Namco rides rough seas

With diamond production hitting a record 117,050 carats during the third quarter Namibian Minerals (NMR-T) managed to poke its head above the red ink and post a small profit for the three months ended Sept. 30.

The marine diamond miner (Namco) earned US$96,000 (nil per share) on revenue of US$15.2 million, compared with a year-earlier loss of US$940,000 (1 per share) on US$4 million. The company’s fleet of vessels ran through US$1.2 million to stay afloat, down from the year-ago negative cash flow of US$9 million. With the increase in production direct production costs climbed about US$1.3 million to just under US$9.5 million.

For the first nine months of 2002, Namco’s loss tallied to US$32.8 million (33 per share), compared with a loss of US$26 million (35 per share) during the corresponding period of 2001. Revenue between the two periods nearly tripled to US$27.2 million from US$10.2 million. Direct production costs were little changed at around US$27 million.

The bulk of the quarter’s production found its way from the Nam 2 seabed crawler to the deck of the MV Ya Toivo, which produced 85,444 carats, including a record daily haul of 16,417 carats from Feature 22 on the Hottentot Bay Grant in late July.

In early July, after 18 months of repair and re-commissioning the NamSSol crawler returned to mining lease ML36A in Baker Bay off the Namibian south coast aboard the MV Kovambo. The vessel contributed 30,560 carats.

The MV Namibian Gem added 829 carats and the MV Zacharias chipped in 217 carats from sampling activity.

In all, third-quarter production topped that of the first six months of the year by 30%.

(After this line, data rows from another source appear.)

lemma le_inverse_square_mult_square:
  fixes k m :: int and y :: real
  assumes m: "1 \<le> m" "m \<le> \<bar>k\<bar>" and y: "y \<ge> 0"
  shows "y \<le> 1 / (real_of_int m)^2 * ((real_of_int k)^2 * y)"
proof -
  have "real_of_int m \<le> \<bar>real_of_int k\<bar>" using m(2) by linarith
  then have "(real_of_int m)^2 \<le> \<bar>real_of_int k\<bar>^2" using m(1) by (intro power_mono) auto
  then have "1 \<le> (real_of_int k)^2 / (real_of_int m)^2" using m(1) by simp
  then have "1 * y \<le> (real_of_int k)^2 / (real_of_int m)^2 * y" using y by (rule mult_right_mono)
  then show ?thesis by simp
qed

lemma infsum_outside_window_le:
  fixes G :: "int \<Rightarrow> real" and n :: nat and i :: int
  assumes G0: "\<And>k. G k \<ge> 0"
    and HS: "(\<lambda>k. (real_of_int k)^2 * G k) summable_on UNIV"
    and i: "1 \<le> i" "i \<le> int n"
  shows "infsum G (- {1 - i..int n - i}) \<le> infsum (\<lambda>k. (real_of_int k)^2 * G k) UNIV
            * (1 / (real_of_int i)^2 + 1 / (real_of_int (int n + 1 - i))^2)"
proof -
  define c where "c = 1 / (real_of_int i)^2 + 1 / (real_of_int (int n + 1 - i))^2"
  define H where "H = (\<lambda>k. (real_of_int k)^2 * G k)"
  define W where "W = - {1 - i..int n - i}"
  have c0: "c \<ge> 0" unfolding c_def by simp
  have bnd: "G k \<le> c * H k" if "k \<in> W" for k
  proof -
    obtain m where m: "m \<ge> 1" "\<bar>k\<bar> \<ge> m" "1 / (real_of_int m)^2 \<le> c"
    proof (cases "k \<le> - i")
      case True
      then show ?thesis using that[of i] i unfolding c_def by auto
    next
      case False
      then have "k \<ge> int n + 1 - i" using \<open>k \<in> W\<close> unfolding W_def by auto
      then show ?thesis using that[of "int n + 1 - i"] i unfolding c_def by auto
    qed
    have "G k \<le> 1 / (real_of_int m)^2 * H k"
      unfolding H_def by (rule le_inverse_square_mult_square[OF m(1,2) G0])
    also have "\<dots> \<le> c * H k" using m(3) G0[of k] unfolding H_def by (intro mult_right_mono) auto
    finally show ?thesis .
  qed
  have HS': "H summable_on W" using HS unfolding H_def by (rule summable_on_subset) auto
  have GS: "G summable_on W"
    by (rule summable_on_dominated[where D = "\<lambda>k. c * H k"])
      (use HS' bnd G0 in \<open>auto intro: summable_on_cmult_right\<close>)
  have "infsum G W \<le> infsum (\<lambda>k. c * H k) W"
    by (rule infsum_mono) (use GS HS' bnd in \<open>auto intro: summable_on_cmult_right\<close>)
  also have "\<dots> = c * infsum H W" by (rule infsum_cmult_right) (use HS' in simp)
  also have "infsum H W \<le> infsum H UNIV"
    by (rule infsum_mono2) (use HS' HS G0 in \<open>auto simp: H_def\<close>)
  then have "c * infsum H W \<le> c * infsum H UNIV" using c0 by (rule mult_left_mono)
  finally show ?thesis unfolding c_def H_def W_def by (simp add: mult.commute)
qed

Taking the shine off the quarter’s record-breaking pace, the MV Namibian Gem was towed to Saldanha Bay in South Africa, after its decades-old engines failed. Unable to find spare parts, Namco put the vessel on care and maintenance and is looking at either upgrading or selling the ship. The former option rides on the positive outcome of ongoing refinancing negotiations.

Namco also notes problems with the electrical generators aboard the MV Zacharias exploration vessel, which have the company’s sampling program behind schedule. The company is also looking for new financing to cover the cost of replacing the generators.

“Grave concerns”

During the second quarter, Namco entered into talks aimed at securing additional funding from its principal shareholder, LL Mining Corp., its senior lenders and the government of Namibia. So far, the government has agreed to waive royalty payments due it for up to 36 months, though this is conditional on support from other lenders.

The company said it has “grave concerns regarding its ability to sustain its exploration and production programs,” should the necessary funding not come through.

Adding to the gloom, certain of the company’s South African subsidiaries are subject to taxation queries concerning tax assessments up to 1997. The company’s tax advisors have estimated the potential liability at around US$2-US$3 million, including penalties and interest.

“The company is working with the South African Revenue Service to resolve this matter,” Namco said in its statement.

Namco also says it is reviewing last year’s sampling results from Mining Licence 36A in Baker Bay after changing its sample processing procedures aboard the Zacharias to reduce the possibility of sample contamination. Pending re-sampling, the company plans to downgrade areas in question from probable reserves. The resource inventory will also suffer from the loss of the MV Namibian Gem’s airlift mining capacity, as some of the probable reserves are not amenable to mining with crawlers. With the Zacharias out of commission the company’s program designed to boost resources to probable reserve status has been severely hindered.

At quarter’s end, Namco had US$993,000 in cash and 19,141 carats of diamond stocks, against a working capital deficiency of US$8.5 million.

Namco’s shares have been on a steady decline since early 2000, and were trading unchanged from their previous close at 10 in early trade in Toronto on Dec.3 — just half a penny up on their 52-week low. The shares attained their year-high of 32 in early January.